I don't know why FTDI decided not to implement a true dual port FIFO on their interface ICs. As I said, I suspect it would have made them more complex and more expensive. All of the internal logic is synchronous to the USB clock. I know true dual port (with separate clock domains) are not rocket science, but they add a bit of complexity certainly, and there's probably a good reason they didn't implement that. If there's someone from FTDI that's reading the thread, that would definitely be interesting to have their point of view.
The attempt they made with the FT1248 mode (on the FT232H for instance) was pretty clunky as I remember, and not as good as their master synchronous mode.
I personally have used FT2232H and FT232H chips, either in asynchronous mode with MCUs (which again would get me about 8MBytes/s max, which is documented!), and when I needed more throughput, I used FPGAs in synchronous mode. I'd use the clock provided by the FTDI chip to clock most of my logic. No big deal. But yes, that wouldn't work with most MCUs.
As to the point I made earlier regarding handshaking, it's definitely not something trivial IMO (I may miss something obvious though). You can't just be pumping data in and out of the FTDI FIFO blindly, you have to take the Empty and Full flags into account, and of course they are completely dependent on the USB transfers, thus basically impredictable. You can't just issue fixed-size DMA transfers, that wouldn't work. Some MCUs may have a parallel interface that can handle this "handshaking" transparently, so that would work, but I just have never used any that could.
It's certainly not too hard for an MCU to be able to generate 1Gbps data, or a 31MHz 32 bit word aggregate throughput.

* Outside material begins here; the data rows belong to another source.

(* Let $A\in\mathrm{Mat}(2,\mathbb{Z})$ have eigenvalues $a,b\in\mathbb{Z}$. Then $\mathrm{Per}(f_A)\supseteq\{1\}\cup P_a\cup P_b$.
   Context: $\mathbb{T}^2=\mathbb{R}^2/\mathbb{Z}^2$; for $A\in\mathrm{Mat}(2,\mathbb{Z})$, $f_A:\mathbb{T}^2\to\mathbb{T}^2$ is $x+\mathbb{Z}^2\mapsto Ax+\mathbb{Z}^2$. $\mathrm{Per}(f)$ is the set of $n\in\mathbb{N}=\{1,2,\dots\}$ such that $f$ has a periodic orbit of least period exactly $n$. For $a\in\mathbb{Z}\setminus\{0\}$, $P_a=\{\mathrm{ord}_n(a): n\ge 2,\ \gcd(a,n)=1\}$, where $\mathrm{ord}_n(a)$ is the least $k>0$ with $a^k\equiv1\pmod n$; by convention $P_0=\emptyset$. *)

theory Defs
  imports "HOL-Analysis.Analysis" "HOL-Number_Theory.Number_Theory"
begin

text \<open>Points of the torus R^2/Z^2 are represented by vectors in R^2; two vectors
  represent the same torus point iff their difference lies in Z^2.\<close>
definition torus_eq :: "real^2 \<Rightarrow> real^2 \<Rightarrow> bool" where
  "torus_eq x y \<longleftrightarrow> (\<forall>i. (x - y) $ i \<in> \<int>)"

text \<open>The lift of f_A to R^2: x \<mapsto> A x (A an integer 2x2 matrix).
  It respects torus_eq, so it induces f_A on the torus.\<close>
definition linlift :: "int^2^2 \<Rightarrow> real^2 \<Rightarrow> real^2" where
  "linlift A x = (\<chi> i j. real_of_int (A $ i $ j)) *v x"

definition Per_torus :: "int^2^2 \<Rightarrow> nat set" where
  "Per_torus A = {n. n \<ge> 1 \<and> (\<exists>x. torus_eq ((linlift A ^^ n) x) x \<and>
        (\<forall>k. 1 \<le> k \<and> k < n \<longrightarrow> \<not> torus_eq ((linlift A ^^ k) x) x))}"

definition ord_mod :: "nat \<Rightarrow> int \<Rightarrow> nat" where
  "ord_mod n a = (LEAST k. k > 0 \<and> [a ^ k = 1] (mod int n))"

definition P_set :: "int \<Rightarrow> nat set" where
  "P_set a = (if a = 0 then {} else
     {ord_mod n a | n. n \<ge> 2 \<and> coprime a (int n)})"

definition charpoly2 :: "int^2^2 \<Rightarrow> int poly" where
  "charpoly2 A = [:det A, - trace A, 1:]"

end

theory Submission imports Defs begin

(* Let a be an integer eigenvalue of A, i.e. a root of its
   characteristic polynomial.  Because A - aI is a singular integer matrix, it has a nonzero
   integer kernel vector, and dividing by the gcd of its entries gives a primitive integer
   eigenvector w (coprime entries) with A w = a w.  For n >= 2 coprime to a, consider the
   rational point x = w/n of the torus.  Its lift satisfies A^k x = a^k w/n, so x returns to
   itself on the torus after k steps iff n divides (a^k - 1) w, and since the entries of w are
   coprime this happens iff a^k = 1 (mod n).  Hence the least period of x is exactly
   ord_n(a), so P_a is contained in Per(f_A); the fixed point 0 gives 1 in Per(f_A). *)

text \<open>A quotient of integers m/n is an integer exactly when n divides m; this converts
  torus equivalence of rational points into a divisibility condition.\<close>
lemma real_div_Ints_iff:
  fixes m :: int and n :: nat
  assumes "n > 0"
  shows "real_of_int m / real n \<in> \<int> \<longleftrightarrow> int n dvd m"
proof
  assume "real_of_int m / real n \<in> \<int>"
  then obtain z where "real_of_int m / real n = of_int z" by (auto elim: Ints_cases)
  hence "real_of_int m = real n * of_int z" using assms by (simp add: field_simps)
  hence "m = int n * z" by (metis of_int_eq_iff of_int_mult of_int_of_nat_eq)
  thus "int n dvd m" by simp
next
  assume "int n dvd m"
  then obtain z where "m = int n * z" by auto
  thus "real_of_int m / real n \<in> \<int>" using assms by simp
qed

text \<open>If d divides both c u and c v with u, v coprime, then d divides c, because
  gcd (c u) (c v) = |c| gcd u v.\<close>
lemma dvd_of_dvd_coprime_multiples:
  fixes c d u v :: int
  assumes "coprime u v" "d dvd c * u" "d dvd c * v"
  shows "d dvd c"
proof -
  have "d dvd gcd (c * u) (c * v)" using assms by simp
  also have "gcd (c * u) (c * v) = \<bar>c\<bar> * gcd u v" by (simp add: gcd_mult_left abs_mult)
  finally show ?thesis using assms(1) by simp
qed

text \<open>Existence
  of such an exponent comes from Euler's theorem.\<close>
lemma ord_mod_props:
  fixes a :: int and n :: nat
  assumes "n > 0" and "coprime a (int n)"
  shows ord_mod_pos: "ord_mod n a > 0"
    and ord_mod_cong: "[a ^ ord_mod n a = 1] (mod int n)"
    and ord_mod_minimal: "\<And>k. 0 < k \<Longrightarrow> k < ord_mod n a \<Longrightarrow> \<not> [a ^ k = 1] (mod int n)"
proof -
  have "\<exists>k. k > 0 \<and> [a ^ k = 1] (mod int n)"
  proof (cases "n = 1")
    case True
    thus ?thesis by (intro exI[of _ 1]) simp
  next
    case False
    hence "residues (int n)" using assms(1) by (simp add: residues_def)
    hence "[a ^ totient n = 1] (mod int n)"
      using residues.euler_theorem[OF _ assms(2)] by simp
    thus ?thesis using assms(1) by (intro exI[of _ "totient n"]) simp
  qed
  hence "ord_mod n a > 0 \<and> [a ^ ord_mod n a = 1] (mod int n)"
    unfolding ord_mod_def by (rule LeastI_ex)
  thus "ord_mod n a > 0" "[a ^ ord_mod n a = 1] (mod int n)" by auto
  show "\<not> [a ^ k = 1] (mod int n)" if "0 < k" "k < ord_mod n a" for k
    using not_less_Least[of k "\<lambda>k. k > 0 \<and> [a ^ k = 1] (mod int n)"] that
    unfolding ord_mod_def by blast
qed

lemma poly_charpoly2: "poly (charpoly2 A) a = det (A - mat a)"
  by (simp add: charpoly2_def det_2 trace_def sum_2 mat_def algebra_simps)

text \<open>A singular 2x2 integer matrix has a nonzero integer kernel vector: one of its rows
  (rotated by 90 degrees) or a unit vector works.\<close>
lemma singular_kernel_vector:
  fixes M :: "int^2^2"
  assumes "det M = 0"
  shows "\<exists>v. v \<noteq> 0 \<and> M *v v = 0"
proof -
  have rel: "M$1$1 * M$2$2 = M$1$2 * M$2$1" using assms by (simp add: det_2)
  have kernel: "M *v v = 0 \<longleftrightarrow> (\<forall>i. M$i$1 * v$1 + M$i$2 * v$2 = 0)" for v :: "int^2"
    by (simp add: vec_eq_iff matrix_vector_mult_def sum_2)
  have nonzero: "v \<noteq> 0 \<longleftrightarrow> v$1 \<noteq> 0 \<or> v$2 \<noteq> 0" for v :: "int^2"
    by (auto simp: vec_eq_iff forall_2)
  consider "M$1$1 \<noteq> 0 \<or> M$1$2 \<noteq> 0" | "M$2$1 \<noteq> 0 \<or> M$2$2 \<noteq> 0"
    | "M$1$1 = 0" "M$1$2 = 0" "M$2$1 = 0" "M$2$2 = 0" by blast
  thus ?thesis
  proof cases
    case 1
    define v :: "int^2" where "v = (\<chi> i. if i = 1 then M$1$2 else - M$1$1)"
    have "v \<noteq> 0 \<and> M *v v = 0"
      using 1 rel unfolding kernel nonzero
      by (auto simp: v_def forall_2 algebra_simps)
    thus ?thesis by blast
  next
    case 2
    define v :: "int^2" where "v = (\<chi> i. if i = 1 then M$2$2 else - M$2$1)"
    have "v \<noteq> 0 \<and> M *v v = 0"
      using 2 rel unfolding kernel nonzero
      by (auto simp: v_def forall_2 algebra_simps)
    thus ?thesis by blast
  next
    case 3
    define v :: "int^2" where "v = (\<chi> i. if i = 1 then 1 else 0)"
    have "v \<noteq> 0 \<and> M *v v = 0"
      using 3 unfolding kernel nonzero by (auto simp: v_def forall_2)
    thus ?thesis by blast
  qed
qed

text \<open>Scalars commute with matrix-vector multiplication over any commutative semiring
  (the library states this only over fields).\<close>
lemma matrix_vector_mult_scalar_commute:
  fixes A :: "'a::comm_semiring_1^'n^'m"
  shows "A *v (c *s x) = c *s (A *v x)"
  by (simp add: vec_eq_iff matrix_vector_mult_def sum_distrib_left mult_ac)

lemma primitive_kernel_vector:
  fixes M :: "int^2^'m" and v :: "int^2"
  assumes "v \<noteq> 0" and "M *v v = 0"
  shows "\<exists>w. coprime (w$1) (w$2) \<and> M *v w = 0"
proof -
  define g where "g = gcd (v$1) (v$2)"
  define w :: "int^2" where "w = (\<chi> i. v$i div g)"
  have entries_nonzero: "v$1 \<noteq> 0 \<or> v$2 \<noteq> 0"
    using assms(1) by (auto simp: vec_eq_iff forall_2)
  hence "g \<noteq> 0" by (simp add: g_def)
  have "v = g *s w"
    by (auto simp: vec_eq_iff forall_2 w_def g_def)
  hence "g *s (M *v w) = 0"
    using assms(2) by (simp only: matrix_vector_mult_scalar_commute)
  hence "M *v w = 0" using \<open>g \<noteq> 0\<close> by simp
  moreover have "coprime (w$1) (w$2)"
    unfolding w_def g_def using entries_nonzero by (auto intro: div_gcd_coprime)
  ultimately show ?thesis by blast
qed

lemma primitive_eigenvector:
  fixes A :: "int^2^2" and a :: int
  assumes "poly (charpoly2 A) a = 0"
  shows "\<exists>w. coprime (w$1) (w$2) \<and> A *v w = a *s w"
proof -
  have "det (A - mat a) = 0" using assms by (simp add: poly_charpoly2)
  then obtain w where "coprime (w$1) (w$2)" and "(A - mat a) *v w = 0"
    using singular_kernel_vector primitive_kernel_vector by blast
  moreover have "mat a *v w = a *s w"
    by (simp add: vec_eq_iff matrix_vector_mult_def mat_def sum_2 forall_2)
  ultimately show ?thesis by (auto simp: matrix_vector_mult_diff_rdistrib)
qed

lemma linlift_int_vector:
  "linlift A (\<chi> i. c * of_int (v$i)) = (\<chi> i. c * of_int ((A *v v)$i))"
  by (simp add: linlift_def vec_eq_iff matrix_vector_mult_def sum_2 algebra_simps)

lemma linlift_iterate_eigenvector:
  assumes "A *v w = a *s w"
  shows "(linlift A ^^ k) (\<chi> i. c * of_int (w$i)) = (\<chi> i. c * of_int ((a ^ k *s w)$i))"
proof (induction k)
  case 0
  show ?case by simp
next
  case (Suc k)
  have step: "A *v (a ^ k *s w) = a ^ Suc k *s w"
    using assms by (simp add: matrix_vector_mult_scalar_commute vector_smult_assoc mult.commute)
  have "(linlift A ^^ Suc k) (\<chi> i. c * of_int (w$i))
        = linlift A (\<chi> i. c * of_int ((a ^ k *s w)$i))"
    by (simp only: funpow.simps o_apply Suc.IH)
  also have "\<dots> = (\<chi> i. c * of_int ((a ^ Suc k *s w)$i))"
    by (simp only: linlift_int_vector step)
  finally show ?case .
qed

lemma eigenvector_point_returns_iff:
  fixes A :: "int^2^2" and w :: "int^2" and n :: nat
  assumes eig: "A *v w = a *s w" and prim: "coprime (w$1) (w$2)" and "n > 0"
  defines "x \<equiv> \<chi> i. (1 / real n) * of_int (w$i)"
  shows "torus_eq ((linlift A ^^ k) x) x \<longleftrightarrow> [a ^ k = 1] (mod int n)"
proof -
  have "torus_eq ((linlift A ^^ k) x) x \<longleftrightarrow>
        (\<forall>i. real_of_int ((a ^ k - 1) * w$i) / real n \<in> \<int>)"
    unfolding torus_eq_def x_def linlift_iterate_eigenvector[OF eig]
    by (simp add: algebra_simps diff_divide_distrib)
  also have "\<dots> \<longleftrightarrow> (\<forall>i. int n dvd (a ^ k - 1) * w$i)"
    by (simp only: real_div_Ints_iff[OF \<open>n > 0\<close>])
  also have "\<dots> \<longleftrightarrow> int n dvd a ^ k - 1"
  proof
    assume "\<forall>i. int n dvd (a ^ k - 1) * w$i"
    thus "int n dvd a ^ k - 1" using dvd_of_dvd_coprime_multiples[OF prim] by blast
  qed simp
  also have "\<dots> \<longleftrightarrow> [a ^ k = 1] (mod int n)"
    by (rule cong_iff_dvd_diff[symmetric])
  finally show ?thesis .
qed

lemma ord_mod_in_Per_torus:
  fixes A :: "int^2^2" and w :: "int^2" and n :: nat
  assumes eig: "A *v w = a *s w" and prim: "coprime (w$1) (w$2)"
    and "n > 0" and "coprime a (int n)"
  shows "ord_mod n a \<in> Per_torus A"
proof -
  define x :: "real^2" where "x = (\<chi> i. (1 / real n) * of_int (w$i))"
  note returns = eigenvector_point_returns_iff[OF eig prim \<open>n > 0\<close>, folded x_def]
  have "torus_eq ((linlift A ^^ ord_mod n a) x) x"
    using returns ord_mod_cong[OF assms(3,4)] by blast
  moreover have "\<forall>k. 1 \<le> k \<and> k < ord_mod n a \<longrightarrow> \<not> torus_eq ((linlift A ^^ k) x) x"
    using returns ord_mod_minimal[OF assms(3,4)] by auto
  moreover have "ord_mod n a \<ge> 1" using ord_mod_pos[OF assms(3,4)] by simp
  ultimately show ?thesis unfolding Per_torus_def by blast
qed

lemma P_set_subset_Per_torus:
  fixes A :: "int^2^2" and a :: int
  assumes "poly (charpoly2 A) a = 0"
  shows "P_set a \<subseteq> Per_torus A"
proof
  fix m assume "m \<in> P_set a"
  then obtain n where m: "m = ord_mod n a" and "n \<ge> 2" and "coprime a (int n)"
    unfolding P_set_def by (auto split: if_splits)
  obtain w where prim: "coprime (w$1) (w$2)" and eig: "A *v w = a *s w"
    using primitive_eigenvector[OF assms] by blast
  have "n > 0" using \<open>n \<ge> 2\<close> by simp
  thus "m \<in> Per_torus A"
    unfolding m using ord_mod_in_Per_torus[OF eig prim _ \<open>coprime a (int n)\<close>] by blast
qed

lemma one_in_Per_torus: "1 \<in> Per_torus A"
  unfolding Per_torus_def torus_eq_def by (auto intro!: exI[of _ 0] simp: linlift_def)

theorem proposition4:
  fixes A :: "int^2^2" and a b :: int
  assumes "charpoly2 A = [:-a, 1:] * [:-b, 1:]"
  shows "{1} \<union> P_set a \<union> P_set b \<subseteq> Per_torus A"
proof -
  have "poly (charpoly2 A) a = 0" and "poly (charpoly2 A) b = 0"
    unfolding assms by simp_all
  thus ?thesis
    using P_set_subset_Per_torus one_in_Per_torus by blast
qed

end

If 124 MBytes/s of throughput, which I infer from the above, is what you're after, true. (Still requires a fast MCU though, but that's doable without requiring anything too fancy.) And true you couldn't get that with USB HS obviously.

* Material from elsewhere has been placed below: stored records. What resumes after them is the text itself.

(* Let $\alpha=(x,u')$ and $\beta=(y,v')$ be distinct non-collinear points of $\mathcal{S}$ such that either ($x=y$ and $u'\neq v'$) or ($x\neq y$ and $u'=v'$). Then $|\{\alpha,\beta\}^{\perp}|\geq 2$ in $\mathcal{S}$.
   Context: Let $S=(P,L)$ and $S'=(P',L')$ be generalized quadrangles of order $(2,2)$ (every line has 3 points, every point lies on 3 lines, and for each point $x$ and line $l\not\ni x$ exactly one point of $l$ is collinear with $x$), with an isomorphism $x\mapsto x'$ from $S$ to $S'$. In a point-line geometry, $x^{\perp}$ is $x$ together with all points collinear with $x$, and $A^{\perp}=\bigcap_{a\in A}a^{\perp}$. A triad is a set of three pairwise non-collinear points, complete if $|T^{\perp}|=3$. The geometry $\mathcal{S}=(\mathcal{P},\mathcal{L})$ has point set $\mathcal{P}=\{(x,y')\in P\times P':y'\in x'^{\perp}\}$ and lines all $3$-subsets $\{(x,u'),(y,v'),(z,w')\}$ of $\mathcal{P}$ where $T=\{x,y,z\}$ (three distinct points) is a line or a complete triad of $S$ and $\{u',v',w'\}=T'^{\perp}$ in $S'$ with $u',v',w'$ distinct. *)

theory Defs
  imports Main
begin

definition collinear :: "'a set set \<Rightarrow> 'a \<Rightarrow> 'a \<Rightarrow> bool" where
  "collinear L x y \<longleftrightarrow> (\<exists>l\<in>L. x \<in> l \<and> y \<in> l)"

definition perp :: "'a set \<Rightarrow> 'a set set \<Rightarrow> 'a \<Rightarrow> 'a set" where
  "perp P L x = insert x {y \<in> P. collinear L x y}"

definition setperp :: "'a set \<Rightarrow> 'a set set \<Rightarrow> 'a set \<Rightarrow> 'a set" where
  "setperp P L A = {y \<in> P. \<forall>a\<in>A. y \<in> perp P L a}"

definition gq22 :: "'a set \<Rightarrow> 'a set set \<Rightarrow> bool" where
  "gq22 P L \<longleftrightarrow>
     (\<forall>l\<in>L. l \<subseteq> P \<and> card l = 3) \<and>
     (\<forall>x\<in>P. card {l\<in>L. x \<in> l} = 3) \<and>
     (\<forall>x\<in>P. \<forall>l\<in>L. x \<notin> l \<longrightarrow> (\<exists>!y. y \<in> l \<and> collinear L x y))"

definition triad :: "'a set \<Rightarrow> 'a set set \<Rightarrow> 'a set \<Rightarrow> bool" where
  "triad P L T \<longleftrightarrow> T \<subseteq> P \<and> card T = 3 \<and>
     (\<forall>a\<in>T. \<forall>b\<in>T. a \<noteq> b \<longrightarrow> \<not> collinear L a b)"

definition complete_triad :: "'a set \<Rightarrow> 'a set set \<Rightarrow> 'a set \<Rightarrow> bool" where
  "complete_triad P L T \<longleftrightarrow> triad P L T \<and> card (setperp P L T) = 3"

definition geom_iso :: "'a set \<Rightarrow> 'a set set \<Rightarrow> 'b set \<Rightarrow> 'b set set \<Rightarrow> ('a \<Rightarrow> 'b) \<Rightarrow> bool" where
  "geom_iso P L P' L' f \<longleftrightarrow> bij_betw f P P' \<and>
     (\<forall>l. l \<subseteq> P \<longrightarrow> (l \<in> L \<longleftrightarrow> f ` l \<in> L'))"

definition calP :: "'a set \<Rightarrow> 'b set \<Rightarrow> 'b set set \<Rightarrow> ('a \<Rightarrow> 'b) \<Rightarrow> ('a \<times> 'b) set" where
  "calP P P' L' f = {(x, y). x \<in> P \<and> y \<in> perp P' L' (f x)}"

definition calL :: "'a set \<Rightarrow> 'a set set \<Rightarrow> 'b set \<Rightarrow> 'b set set \<Rightarrow> ('a \<Rightarrow> 'b)
    \<Rightarrow> ('a \<times> 'b) set set" where
  "calL P L P' L' f =
    {{(x, u), (y, v), (z, w)} | x y z u v w.
       distinct [x, y, z] \<and>
       ({x, y, z} \<in> L \<or> complete_triad P L {x, y, z}) \<and>
       distinct [u, v, w] \<and>
       {u, v, w} = setperp P' L' (f ` {x, y, z}) \<and>
       {(x, u), (y, v), (z, w)} \<subseteq> calP P P' L' f}"

end

theory Submission
  imports Defs
begin

(* If T is a line or a complete triad of S and B = T'^perp, then B has three points, the nine
   points of T x B are points of the geometry and its six transversals are lines. Two points of T x B sharing
   exactly one coordinate are therefore both collinear with the two points of T x B that differ from
   each of them in both coordinates. Such a T exists: for x = y take T' = {u', v'}^perp, for u' = v'
   take T' = {x', y'}^perp^perp. Both are lines or complete triads because every pair of
   non-collinear points of a GQ(2,2) is regular, i.e. {a, b}^perp^perp has three points. *)

definition line_or_complete_triad :: "'a set \<Rightarrow> 'a set set \<Rightarrow> 'a set \<Rightarrow> bool" where
  "line_or_complete_triad P L T \<longleftrightarrow> T \<in> L \<or> complete_triad P L T"

lemma collinearI: "l \<in> L \<Longrightarrow> a \<in> l \<Longrightarrow> b \<in> l \<Longrightarrow> collinear L a b"
  unfolding collinear_def by blast

lemma collinear_commute: "collinear L a b \<longleftrightarrow> collinear L b a"
  unfolding collinear_def by blast

lemma setperp_subset: "setperp P L A \<subseteq> P"
  unfolding setperp_def by blast

lemma setperp_antimono: "A \<subseteq> B \<Longrightarrow> setperp P L B \<subseteq> setperp P L A"
  unfolding setperp_def by blast

lemma perp_commute: "a \<in> P \<Longrightarrow> b \<in> P \<Longrightarrow> b \<in> perp P L a \<longleftrightarrow> a \<in> perp P L b"
  unfolding perp_def by (auto simp: collinear_commute)

lemma subset_setperp_setperp:
  assumes "A \<subseteq> P"
  shows "A \<subseteq> setperp P L (setperp P L A)"
proof
  fix x assume x: "x \<in> A"
  have "x \<in> perp P L y" if "y \<in> setperp P L A" for y
    using that x assms perp_commute[of y P x L] unfolding setperp_def by blast
  then show "x \<in> setperp P L (setperp P L A)"
    using x assms unfolding setperp_def[of P L "setperp P L A"] by blast
qed

lemma setperp_setperp_setperp:
  assumes "A \<subseteq> P"
  shows "setperp P L (setperp P L (setperp P L A)) = setperp P L A"
proof
  show "setperp P L (setperp P L (setperp P L A)) \<subseteq> setperp P L A"
    using setperp_antimono subset_setperp_setperp[OF assms] .
  show "setperp P L A \<subseteq> setperp P L (setperp P L (setperp P L A))"
    using subset_setperp_setperp setperp_subset .
qed

lemma card_3_obtain_third:
  assumes "card A = 3" "a \<in> A" "b \<in> A" "a \<noteq> b"
  obtains c where "A = {a, b, c}" "distinct [a, b, c]"
proof -
  have "card (A - {a, b}) = 1" using assms by (simp add: card_Diff_subset)
  then obtain c where "A - {a, b} = {c}" by (rule card_1_singletonE)
  then have "A = {a, b, c}" "distinct [a, b, c]" using assms(2-4) by auto
  then show thesis by (rule that)
qed

lemma card_3_obtain_other_two:
  assumes "card A = 3" "a \<in> A"
  obtains b c where "A = {a, b, c}" "distinct [a, b, c]"
proof -
  have "card (A - {a}) = 2" using assms by simp
  then obtain b c where "A - {a} = {b, c}" "b \<noteq> c" by (auto simp: card_2_iff)
  then have "A = {a, b, c}" "distinct [a, b, c]" using assms(2) by auto
  then show thesis by (rule that)
qed

lemma mem_calP_if_mem_setperp:
  "T \<subseteq> P \<Longrightarrow> a \<in> T \<Longrightarrow> b \<in> setperp P' L' (f ` T) \<Longrightarrow> (a, b) \<in> calP P P' L' f"
  unfolding calP_def setperp_def by blast

lemma collinear_calL_transversal:
  assumes T: "T \<subseteq> P" "card T = 3" "line_or_complete_triad P L T"
    and B: "card (setperp P' L' (f ` T)) = 3"
    and a: "a \<in> T" "a' \<in> T" "a \<noteq> a'"
    and b: "b \<in> setperp P' L' (f ` T)" "b' \<in> setperp P' L' (f ` T)" "b \<noteq> b'"
  shows "collinear (calL P L P' L' f) (a, b) (a', b')"
proof -
  obtain a'' where a'': "T = {a, a', a''}" "distinct [a, a', a'']"
    using card_3_obtain_third[OF T(2) a] .
  obtain b'' where b'': "setperp P' L' (f ` T) = {b, b', b''}" "distinct [b, b', b'']"
    using card_3_obtain_third[OF B b] .
  have "b'' \<in> setperp P' L' (f ` T)" using b'' by auto
  then have "{(a, b), (a', b'), (a'', b'')} \<subseteq> calP P P' L' f"
    using mem_calP_if_mem_setperp[OF T(1), where P' = P' and L' = L' and f = f] a a'' b by auto
  then have "{(a, b), (a', b'), (a'', b'')} \<in> calL P L P' L' f"
    using T(3) a'' b'' unfolding calL_def line_or_complete_triad_def
    by (intro CollectI exI[of _ a] exI[of _ a'] exI[of _ a''] exI[of _ b] exI[of _ b'] exI[of _ b'']) simp
  then show ?thesis by (rule collinearI) auto
qed

lemma common_neighbours_in_grid:
  assumes T: "T \<subseteq> P" "card T = 3" "line_or_complete_triad P L T"
    and B: "card (setperp P' L' (f ` T)) = 3"
    and xy: "x \<in> T" "y \<in> T" and uv: "u \<in> setperp P' L' (f ` T)" "v \<in> setperp P' L' (f ` T)"
    and shared: "(x = y \<and> u \<noteq> v) \<or> (x \<noteq> y \<and> u = v)"
  obtains g h where "g \<noteq> h"
    "{g, h} \<subseteq> setperp (calP P P' L' f) (calL P L P' L' f) {(x, u), (y, v)}"
proof -
  let ?B = "setperp P' L' (f ` T)"
  have common: "(a, b) \<in> setperp (calP P P' L' f) (calL P L P' L' f) {(x, u), (y, v)}"
    if "a \<in> T" "b \<in> ?B" "a \<noteq> x" "a \<noteq> y" "b \<noteq> u" "b \<noteq> v" for a b
  proof -
    have "collinear (calL P L P' L' f) (x, u) (a, b)" "collinear (calL P L P' L' f) (y, v) (a, b)"
      using collinear_calL_transversal[OF T B] that xy uv by metis+
    then show ?thesis
      using mem_calP_if_mem_setperp[OF T(1) \<open>a \<in> T\<close> \<open>b \<in> ?B\<close>] unfolding setperp_def perp_def by blast
  qed
  show thesis
  proof (cases "x = y")
    case True
    then have "u \<noteq> v" using shared by blast
    obtain z t where "T = {x, z, t}" "distinct [x, z, t]"
      using card_3_obtain_other_two[OF T(2) xy(1)] .
    moreover obtain r where "?B = {u, v, r}" "distinct [u, v, r]"
      using card_3_obtain_third[OF B uv \<open>u \<noteq> v\<close>] .
    ultimately show thesis using that[of "(z, r)" "(t, r)"] common True by auto
  next
    case False
    then have "u = v" using shared by blast
    obtain t where "T = {x, y, t}" "distinct [x, y, t]"
      using card_3_obtain_third[OF T(2) xy False] .
    moreover obtain p q where "?B = {u, p, q}" "distinct [u, p, q]"
      using card_3_obtain_other_two[OF B uv(1)] .
    ultimately show thesis using that[of "(t, p)" "(t, q)"] common \<open>u = v\<close> by auto
  qed
qed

The point above concerning handshaking still puzzles me though. Could you give me an example of an MCU (it's not a trick or challenge question, but a real one) that has a parallel interface peripheral that can transparently handle handshaking (compatible with "empty" and "full" states of an external FIFO) in DMA mode? (Because if you have to handle those by polling, it'll make for pretty inefficient transfers IMO, as the DMA would not directly be usable).